The necessity and timing of surgery must be carefully considered. Surgery is usually performed for cosmetic/aesthetic reasons before any functional consequences occur. The classic surgical method is gingivectomy with an external bevel. However, Mavrogiannis M et al.,11 concluded in his study that open flap debridement and conventional gingivectomy delivered similar effects with reverence to the degree of reappearance of DIGO. In the present case, as the overgrowth of the gingiva was clinically associated with the true periodontal pockets, open flap debridement was performed.

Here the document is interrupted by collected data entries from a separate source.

(* The value function $v$ is decreasing on $[0,\infty)$, satisfies $\frac{\beta u_0-1}{r}\le v(z)\le \frac{\beta u_0}{r}$ for all $z\ge 0$, and $\lim_{z\to\infty} v(z)=\frac{\beta u_0-1}{r}$.
   Context: Let $(\Omega,\mathcal F,\mathbb P)$ be a complete probability space carrying a standard Brownian motion $W=(W(t))_{t\ge0}$. Fix parameters $\mu\in\mathbb R$, $\sigma>0$, a maximal dividend rate $u_0>0$, a discount rate $r>0$, a weight $\beta>0$ and a critical drawdown level $d>0$. Let $\mathcal U$ be the set of adapted processes $U=(U(t))_{t\ge0}$ with $0\le U(t)\le u_0$ for all $t$ (admissible dividend strategies). For $U\in\mathcal U$ put $X^U(t)=\mu t+\sigma W(t)-\int_0^t U(s)\,ds$; for $z\ge0$ put $M_z^U(t)=\max\{z,\sup_{s\in[0,t]}X^U(s)\}$ and $\Delta_z^U(t)=M_z^U(t)-X^U(t)$ (the drawdown process with initial past maximum $z$). Define $v^U(z)=\mathbb E\big[\beta\int_0^\infty e^{-rt}U(t)\,dt-\int_0^\infty e^{-rt}\mathbf 1_{\{\Delta_z^U(t)>d\}}\,dt\big]$ and the value function $v(z)=\sup_{U\in\mathcal U}v^U(z)$, $z\ge0$. *)

theory Defs
  imports "HOL-Probability.Probability"
begin
lemma ennreal_exp_bound_eq:
  assumes "0 \<le> lam" "0 \<le> t" "0 \<le> L"
  shows "(1 + ennreal (lam * sqrt t) * ennreal L) * enn_exp (ennreal (lam\<^sup>2 * t) * (ennreal L)\<^sup>2)
    = ennreal ((1 + lam * sqrt t * L) * exp ((lam * sqrt t * L)\<^sup>2))"
proof -
  define A where "A = lam * sqrt t * L"
  have "1 + ennreal (lam * sqrt t) * ennreal L = ennreal (1 + A)"
    using assms by (simp add: A_def ennreal_mult[symmetric] ennreal_plus[symmetric])
  moreover have "ennreal (lam\<^sup>2 * t) * (ennreal L)\<^sup>2 = ennreal (A\<^sup>2)"
    using assms by (simp add: A_def ennreal_power ennreal_mult[symmetric] power_mult_distrib)
  ultimately have "(1 + ennreal (lam * sqrt t) * ennreal L) * enn_exp (ennreal (lam\<^sup>2 * t) * (ennreal L)\<^sup>2)
      = ennreal (1 + A) * ennreal (exp (A\<^sup>2))"
    by (simp add: enn_exp_ennreal)
  also have "\<dots> = ennreal ((1 + A) * exp (A\<^sup>2))"
    using assms by (intro ennreal_mult[symmetric]) (simp_all add: A_def)
  finally show ?thesis
    unfolding A_def .
qed

lemma exp_bound_le_double:
  assumes "0 < lam" "0 < t"
  shows "(1 + ennreal (lam * sqrt t) * L) * enn_exp (ennreal (lam\<^sup>2 * t) * L\<^sup>2)
    \<le> 2 * enn_exp (2 * ennreal (lam\<^sup>2 * t) * L\<^sup>2)"
proof (cases L)
  case (real L')
  define A where "A = lam * sqrt t * L'"
  have "ennreal (lam\<^sup>2 * t) * L\<^sup>2 = ennreal (A\<^sup>2)"
    using assms real by (simp add: A_def ennreal_power ennreal_mult[symmetric] power_mult_distrib)
  then have "2 * ennreal (lam\<^sup>2 * t) * L\<^sup>2 = ennreal (2 * A\<^sup>2)"
    by (simp add: ennreal_mult mult.assoc)
  moreover have "enn_exp (ennreal (2 * A\<^sup>2)) = ennreal (exp (2 * A\<^sup>2))"
    by (rule enn_exp_ennreal) simp
  ultimately have "2 * enn_exp (2 * ennreal (lam\<^sup>2 * t) * L\<^sup>2) = 2 * ennreal (exp (2 * A\<^sup>2))"
    by (simp only:)
  also have "\<dots> = ennreal (2 * exp (2 * A\<^sup>2))"
    by (simp add: ennreal_mult)
  finally show ?thesis
    using assms real one_plus_mult_exp_square_le[of A]
    by (simp add: ennreal_exp_bound_eq A_def ennreal_leI)
next
  case top
  then have "2 * ennreal (lam\<^sup>2 * t) * L\<^sup>2 = \<top>"
    using assms by (simp add: ennreal_mult_eq_top_iff)
  then show ?thesis
    by (simp add: enn_exp_def)
qed

section \<open>Time-ordered integrals\<close>

definition tail_integral :: "(real \<Rightarrow> ennreal) \<Rightarrow> real \<Rightarrow> real \<Rightarrow> ennreal" where
  "tail_integral f c a = (\<integral>\<^sup>+u. indicator {a<..<c} u * f u \<partial>lborel)"

lemma indicator_greaterThanLessThan_ennreal:
  "indicator {a<..<c} u = (if a < u \<and> u < (c::real) then 1 else (0::ennreal))"
  by (auto simp: indicator_def)

lemma borel_measurable_tail_integral[measurable]:
  assumes [measurable]: "f \<in> borel_measurable borel"
  shows "tail_integral f c \<in> borel_measurable borel"
proof -
  have "(\<lambda>(s, u). indicator {s<..<c} u * f u) \<in> borel_measurable (borel \<Otimes>\<^sub>M lborel)"
    unfolding indicator_greaterThanLessThan_ennreal by measurable
  then show ?thesis
    unfolding tail_integral_def by (rule lborel.borel_measurable_nn_integral)
qed

lemma nn_integral_lborel_split_point:
  fixes f :: "real \<Rightarrow> ennreal"
  assumes "f \<in> borel_measurable lborel"
  shows "(\<integral>\<^sup>+s. f s \<partial>lborel)
    = (\<integral>\<^sup>+s. (if s < u then f s else 0) \<partial>lborel) + (\<integral>\<^sup>+s. (if u < s then f s else 0) \<partial>lborel)"
proof -
  have "f s = (if s < u then f s else 0) + (if u < s then f s else 0)" if "s \<noteq> u" for s
    using that by (cases s u rule: linorder_cases) simp_all
  then have "AE s in lborel. f s = (if s < u then f s else 0) + (if u < s then f s else 0)"
    using AE_lborel_singleton[of u] by (auto elim: eventually_mono)
  then show ?thesis
    using assms by (simp add: nn_integral_cong_AE nn_integral_add)
qed

lemma nn_integral_upper_section:
  assumes "k \<in> borel_measurable borel"
  shows "(\<integral>\<^sup>+v. (if u < v then indicator {a<..<c} u * h u * (indicator {a<..<c} v * k v) else 0) \<partial>lborel)
    = indicator {a<..<c} u * (h u * tail_integral k c u)"
proof -
  have "(\<integral>\<^sup>+v. (if u < v then indicator {a<..<c} u * h u * (indicator {a<..<c} v * k v) else 0) \<partial>lborel)
      = (\<integral>\<^sup>+v. indicator {a<..<c} u * h u * (indicator {u<..<c} v * k v) \<partial>lborel)"
    by (rule nn_integral_cong) (auto simp: indicator_def)
  then show ?thesis
    using assms by (simp add: nn_integral_cmult tail_integral_def mult.assoc)
qed

text \<open>The square (a, c) \<times> (a, c) splits along its null diagonal into two triangles.\<close>
lemma tail_integral_mult:
  assumes [measurable]: "f \<in> borel_measurable borel" "g \<in> borel_measurable borel"
  shows "tail_integral f c a * tail_integral g c a
    = tail_integral (\<lambda>s. g s * tail_integral f c s) c a + tail_integral (\<lambda>u. f u * tail_integral g c u) c a"
proof -
  let ?H = "\<lambda>u s. indicator {a<..<c} u * f u * (indicator {a<..<c} s * g s)"
  have [measurable]: "(\<lambda>(u, s). ?H u s) \<in> borel_measurable (lborel \<Otimes>\<^sub>M lborel)"
    by (simp add: measurable_lborel2 sets_lborel)
  have "tail_integral f c a * tail_integral g c a
      = (\<integral>\<^sup>+u. indicator {a<..<c} u * f u * tail_integral g c a \<partial>lborel)"
    unfolding tail_integral_def[of f] by (rule nn_integral_multc[symmetric]) simp
  also have "\<dots> = (\<integral>\<^sup>+u. \<integral>\<^sup>+s. ?H u s \<partial>lborel \<partial>lborel)"
    unfolding tail_integral_def by (intro nn_integral_cong nn_integral_cmult[symmetric]) simp
  also have "\<dots> = (\<integral>\<^sup>+u. (\<integral>\<^sup>+s. (if s < u then ?H u s else 0) \<partial>lborel)
                       + (\<integral>\<^sup>+s. (if u < s then ?H u s else 0) \<partial>lborel) \<partial>lborel)"
    by (intro nn_integral_cong nn_integral_lborel_split_point) simp
  also have "\<dots> = (\<integral>\<^sup>+u. \<integral>\<^sup>+s. (if s < u then ?H u s else 0) \<partial>lborel \<partial>lborel)
                 + (\<integral>\<^sup>+u. \<integral>\<^sup>+s. (if u < s then ?H u s else 0) \<partial>lborel \<partial>lborel)"
    by (rule nn_integral_add) auto
  also have "(\<integral>\<^sup>+u. \<integral>\<^sup>+s. (if s < u then ?H u s else 0) \<partial>lborel \<partial>lborel)
      = (\<integral>\<^sup>+s. \<integral>\<^sup>+u. (if s < u then ?H u s else 0) \<partial>lborel \<partial>lborel)"
    by (rule lborel_pair.Fubini'[symmetric]) (simp add: measurable_lborel2 sets_lborel)
  also have "\<dots> = tail_integral (\<lambda>s. g s * tail_integral f c s) c a"
  proof -
    have "(\<integral>\<^sup>+u. (if s < u then ?H u s else 0) \<partial>lborel)
        = (\<integral>\<^sup>+u. (if s < u then indicator {a<..<c} s * g s * (indicator {a<..<c} u * f u) else 0) \<partial>lborel)"
      for s
      by (intro nn_integral_cong) (simp add: ac_simps)
    then show ?thesis
      unfolding tail_integral_def[of "\<lambda>s. g s * tail_integral f c s"]
      by (simp add: nn_integral_upper_section)
  qed
  also have "(\<integral>\<^sup>+u. \<integral>\<^sup>+s. (if u < s then ?H u s else 0) \<partial>lborel \<partial>lborel)
      = tail_integral (\<lambda>u. f u * tail_integral g c u) c a"
    unfolding tail_integral_def[of "\<lambda>u. f u * tail_integral g c u"] by (simp add: nn_integral_upper_section)
  finally show ?thesis .
qed

lemma tail_integral_cmult:
  assumes "h \<in> borel_measurable borel"
  shows "r * tail_integral h c a = tail_integral (\<lambda>s. r * h s) c a"
  unfolding tail_integral_def using assms
  by (subst nn_integral_cmult[symmetric]) (auto simp: ac_simps)

lemma tail_integral_power_Suc:
  assumes [measurable]: "f \<in> borel_measurable borel"
  shows "tail_integral f c a ^ Suc n
    = of_nat (Suc n) * tail_integral (\<lambda>s. f s * tail_integral f c s ^ n) c a"
proof (induction n arbitrary: a)
  case 0
  show ?case by (simp add: tail_integral_def)
next
  case (Suc n)
  let ?F = "tail_integral f c" and ?m = "of_nat (Suc n) :: ennreal"
  let ?g = "\<lambda>s. f s * ?F s ^ n"
  have "?F a ^ Suc (Suc n) = ?m * (?F a * tail_integral ?g c a)"
    using Suc by (simp add: ac_simps)
  also have "\<dots> = ?m * tail_integral (\<lambda>s. f s * ?F s ^ Suc n) c a
      + ?m * tail_integral (\<lambda>u. f u * tail_integral ?g c u) c a"
    by (subst tail_integral_mult) (simp_all add: ac_simps distrib_left)
  also have "?m * tail_integral (\<lambda>u. f u * tail_integral ?g c u) c a
      = tail_integral (\<lambda>u. f u * (?m * tail_integral ?g c u)) c a"
    by (subst tail_integral_cmult) (simp_all add: mult.left_commute)
  also have "\<dots> = tail_integral (\<lambda>s. f s * ?F s ^ Suc n) c a"
    by (simp only: Suc[symmetric])
  finally show ?case
    by (simp add: algebra_simps)
qed

text \<open>\<open>ordered_integral f c n a\<close> is the integral of f(s1) ... f(sn) over a < s1 < ... < sn < c.\<close>
primrec ordered_integral :: "(real \<Rightarrow> ennreal) \<Rightarrow> real \<Rightarrow> nat \<Rightarrow> real \<Rightarrow> ennreal" where
  "ordered_integral f c 0 a = 1"
| "ordered_integral f c (Suc n) a = tail_integral (\<lambda>s. f s * ordered_integral f c n s) c a"

lemma fact_mult_ordered_integral:
  assumes [measurable]: "f \<in> borel_measurable borel"
  shows "fact n * ordered_integral f c n a = tail_integral f c a ^ n"
proof (induction n arbitrary: a)
  case 0
  then show ?case by simp
next
  case (Suc n)
  have [measurable]: "ordered_integral f c n \<in> borel_measurable borel" for n
    by (induction n) simp_all
  have "fact (Suc n) * ordered_integral f c (Suc n) a
      = of_nat (Suc n) * (fact n * ordered_integral f c (Suc n) a)"
    by (simp add: fact_Suc mult.assoc)
  also have "fact n * ordered_integral f c (Suc n) a
      = tail_integral (\<lambda>s. f s * (fact n * ordered_integral f c n s)) c a"
    by (subst ordered_integral.simps, subst tail_integral_cmult) (simp_all add: mult.left_commute)
  also have "tail_integral (\<lambda>s. f s * (fact n * ordered_integral f c n s)) c a
      = tail_integral (\<lambda>s. f s * tail_integral f c s ^ n) c a"
    by (simp only: Suc)
  also have "of_nat (Suc n) * \<dots> = tail_integral f c a ^ Suc n"
    by (rule tail_integral_power_Suc[symmetric]) simp
  finally show ?case .
qed

lemma ordered_integral_measurable_pair:
  assumes f[measurable]: "(\<lambda>(w, s). f w s) \<in> borel_measurable (M \<Otimes>\<^sub>M borel)"
  shows "(\<lambda>(w, a). ordered_integral (f w) c n a) \<in> borel_measurable (M \<Otimes>\<^sub>M borel)"
proof (induction n)
  case 0
  then show ?case by simp
next
  case (Suc n)
  note IH[measurable] = Suc
  have "(\<lambda>((w, a), s). f w s) \<in> borel_measurable ((M \<Otimes>\<^sub>M borel) \<Otimes>\<^sub>M lborel)"
    using measurable_compose[OF _ f, of "\<lambda>((w, a), s). (w, s)"] by (simp add: split_beta')
  moreover have "(\<lambda>((w, a), s). ordered_integral (f w) c n s) \<in> borel_measurable ((M \<Otimes>\<^sub>M borel) \<Otimes>\<^sub>M lborel)"
    using measurable_compose[OF _ IH, of "\<lambda>((w, a), s). (w, s)"] by (simp add: split_beta')
  ultimately have "(\<lambda>((w, a), s). indicator {a<..<c} s * (f w s * ordered_integral (f w) c n s))
      \<in> borel_measurable ((M \<Otimes>\<^sub>M borel) \<Otimes>\<^sub>M lborel)"
    unfolding indicator_greaterThanLessThan_ennreal by (simp add: split_beta') measurable
  then show ?case
    using lborel.borel_measurable_nn_integral
      [of "\<lambda>(w, a) s. indicator {a<..<c} s * (f w s * ordered_integral (f w) c n s)" "M \<Otimes>\<^sub>M borel"]
    by (simp add: split_beta' tail_integral_def)
qed
(* Every first-countable almost compact Tychonoff space has cardinality at most $\mathfrak{c}$.
   Context: A Tychonoff space is almost compact if its Čech–Stone remainder has at most one point, i.e. its Čech–Stone compactification coincides with its one-point compactification. *)

theory Defs
  imports "HOL-Analysis.Analysis"
begin

definition tychonoff_space :: "'a topology \<Rightarrow> bool" where
  "tychonoff_space X \<longleftrightarrow> completely_regular_space X \<and> Hausdorff_space X"

definition stone_cech_compactification :: "'a topology \<Rightarrow> 'a option topology \<Rightarrow> bool" where
  "stone_cech_compactification X Y \<longleftrightarrow>
     compact_space Y \<and> Hausdorff_space Y \<and>
     embedding_map X Y Some \<and>
     Y closure_of (Some ` topspace X) = topspace Y \<and>
     (\<forall>f. continuous_map X (top_of_set {0..1::real}) f \<longrightarrow>
        (\<exists>g. continuous_map Y (top_of_set {0..1::real}) g \<and>
             (\<forall>x\<in>topspace X. g (Some x) = f x)))"

text \<open>Since the remainder
  has at most one point, the compactification can be realised on 'a option with the only
  possible remainder point None.\<close>
definition almost_compact :: "'a topology \<Rightarrow> bool" where
  "almost_compact X \<longleftrightarrow>
     (\<exists>Y. stone_cech_compactification X Y \<and> topspace Y \<subseteq> insert None (Some ` topspace X))"

end

theory Submission
  imports Defs
begin

text \<open>Realise the Cech-Stone compactification as a compact Hausdorff space Y in which X sits
  as an open first countable subspace S with at most one point outside. A relative version of
  Arhangel'skii's closing-off argument produces a subset F of S of size at most continuum that is
  open in Y, closed in S, and equal to S if it is closed in Y: F is closed under limits of
  sequences, and whenever a compact part of F is covered by finitely many basic neighbourhoods,
  F contains a point of S outside them. Since Y has at most one point outside S, the continuous
  extension of the indicator of the clopen set F shows that F or S - F is closed in Y; in the
  second case S - F is compact, Hausdorff and first countable, hence of size at most continuum
  by the same argument.\<close>

text \<open>Well-founded countably branching trees index the closure of a point under operations of
  countable arity; with countably many labels there are at most continuum many such trees.\<close>

datatype 'l wftree = Leaf | Node 'l "nat \<Rightarrow> 'l wftree"

primrec fold_wftree :: "'b \<Rightarrow> ('l \<Rightarrow> (nat \<Rightarrow> 'b) \<Rightarrow> 'b) \<Rightarrow> 'l wftree \<Rightarrow> 'b" where
  "fold_wftree a g Leaf = a"
| "fold_wftree a g (Node l f) = g l (\<lambda>n. fold_wftree a g (f n))"

primrec wftree_graph :: "'l wftree \<Rightarrow> (nat list \<times> 'l) set" where
  "wftree_graph Leaf = {}"
| "wftree_graph (Node l f) = insert ([], l) {(i # p, v) | i p v. (p, v) \<in> wftree_graph (f i)}"
lemma maximizing_seq_tendsto:
  assumes r: "r \<in> levels" and s: "\<And>n. (norm (s n))\<^sup>2 = r"
    and lim: "(\<lambda>n. energy (s n)) \<longlonglongrightarrow> max_energy r"
  shows "s \<longlonglongrightarrow> maximizer r"
proof -
  define c where "c = multiplier r - onorm T"
  have c: "0 < c" unfolding c_def using multiplier_gt[OF r] by simp
  have "\<forall>n. norm ((norm (s n - maximizer r))\<^sup>2) \<le> (energy (maximizer r) - energy (s n)) / c"
    using energy_le_maximizer[OF r s] c unfolding c_def by (simp add: field_simps)
  moreover have "(\<lambda>n. (energy (maximizer r) - energy (s n)) / c) \<longlonglongrightarrow> (energy (maximizer r) - max_energy r) / c"
    using c by (intro tendsto_intros lim) simp
  then have "(\<lambda>n. (energy (maximizer r) - energy (s n)) / c) \<longlonglongrightarrow> 0"
    using max_energy_eq[OF r] by simp
  ultimately have "(\<lambda>n. (norm (s n - maximizer r))\<^sup>2) \<longlonglongrightarrow> 0"
    by (rule Lim_null_comparison[OF always_eventually])
  from tendsto_real_sqrt[OF this] have "(\<lambda>n. norm (s n - maximizer r)) \<longlonglongrightarrow> 0"
    by simp
  then have "(\<lambda>n. s n - maximizer r) \<longlonglongrightarrow> 0"
    by (rule tendsto_norm_zero_cancel)
  then show ?thesis by (simp add: LIM_zero_iff)
qed
(* Let $X$ be an exponential vector space over $\mathbb K$ and $V$ a vector space over $\mathbb K$. Then the evs $X\times V$ has a basis if and only if $X$ has a basis. Moreover (when these bases exist) $\dim(X\times V)=[\dim(X\smallsetminus X_0):\dim X_0+\dim V]$.
   Context: $\mathbb K$ is $\mathbb R$ or $\mathbb C$. An exponential vector space (evs) over a field $K$ is a partially ordered set $(X,\leq)$ with a binary operation $+$ on $X$ and a map $K\times X\to X$, $(\alpha,x)\mapsto \alpha x$, such that: (A1) $(X,+)$ is a commutative semigroup with identity $\theta$; (A2) $x\leq y$ implies $x+z\leq y+z$ and $\alpha x\leq \alpha y$ for all $z\in X$, $\alpha\in K$; (A3) $\alpha(x+y)=\alpha x+\alpha y$, $\alpha(\beta x)=(\alpha\beta)x$, $(\alpha+\beta)x\leq \alpha x+\beta x$, $1x=x$; (A4) $\alpha x=\theta$ iff $\alpha=0$ or $x=\theta$; (A5) $x+(-1)x=\theta$ iff $x\in X_0$, where $X_0:=\{z\in X: y\not\leq z \text{ for all } y\in X\smallsetminus\{z\}\}$ (the set of minimal elements, called the primitive space; it is a vector space over $K$); (A6) for each $x\in X$ there is $p\in X_0$ with $p\leq x$. For $x\in X\smallsetminus X_0$ let $L(x):=\{z\in X: z\geq \alpha x+p \text{ for some } \alpha\in K\smallsetminus\{0\},\ p\in X_0\}$. A subset $B\subseteq X\smallsetminus X_0$ generates $X\smallsetminus X_0$ if $X\smallsetminus X_0=\bigcup_{b\in B}L(b)$. Elements $x,y\in X\smallsetminus X_0$ are orderly dependent if $x\in L(y)$ or $y\in L(x)$, and orderly independent otherwise; $B$ is orderly independent if any two distinct members are orderly independent. A basis of $X\smallsetminus X_0$ is an orderly independent generating subset of $X\smallsetminus X_0$; "$X$ has a basis" means $X\smallsetminus X_0$ has a basis. All bases of $X\smallsetminus X_0$ have the same cardinality, denoted $\dim(X\smallsetminus X_0)$; $\dim X_0$ is the vector-space dimension of $X_0$ (taken as $0$ if $X_0=\{\theta\}$), and $\dim X:=[\dim(X\smallsetminus X_0):\dim X_0]$. The evs $X\times V$ has operations $(x_1,e_1)+(x_2,e_2)=(x_1+x_2,e_1+e_2)$, $\alpha(x,e)=(\alpha x,\alpha e)$, and order $(x_1,e_1)\leq(x_2,e_2)$ iff $x_1\leq x_2$ and $e_1=e_2$; its primitive space is $X_0\times V$. *)

theory Defs
  imports Complex_Main
begin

The postoperative results were very satisfactory in terms of aesthetics and functions.9
Even low-dose amlodipine (5 mg/day) can induce DIGO. Physicians and dentists/periodontists should pay attention to the patients consuming amlodipine group of drugs that can induce DIGO to detect oral changes to successfully prevent, diagnose and control their adverse side effects. However, in order to attain the best results, we requisite to adopt multi and inter disciplinary team methodology with cardiologist.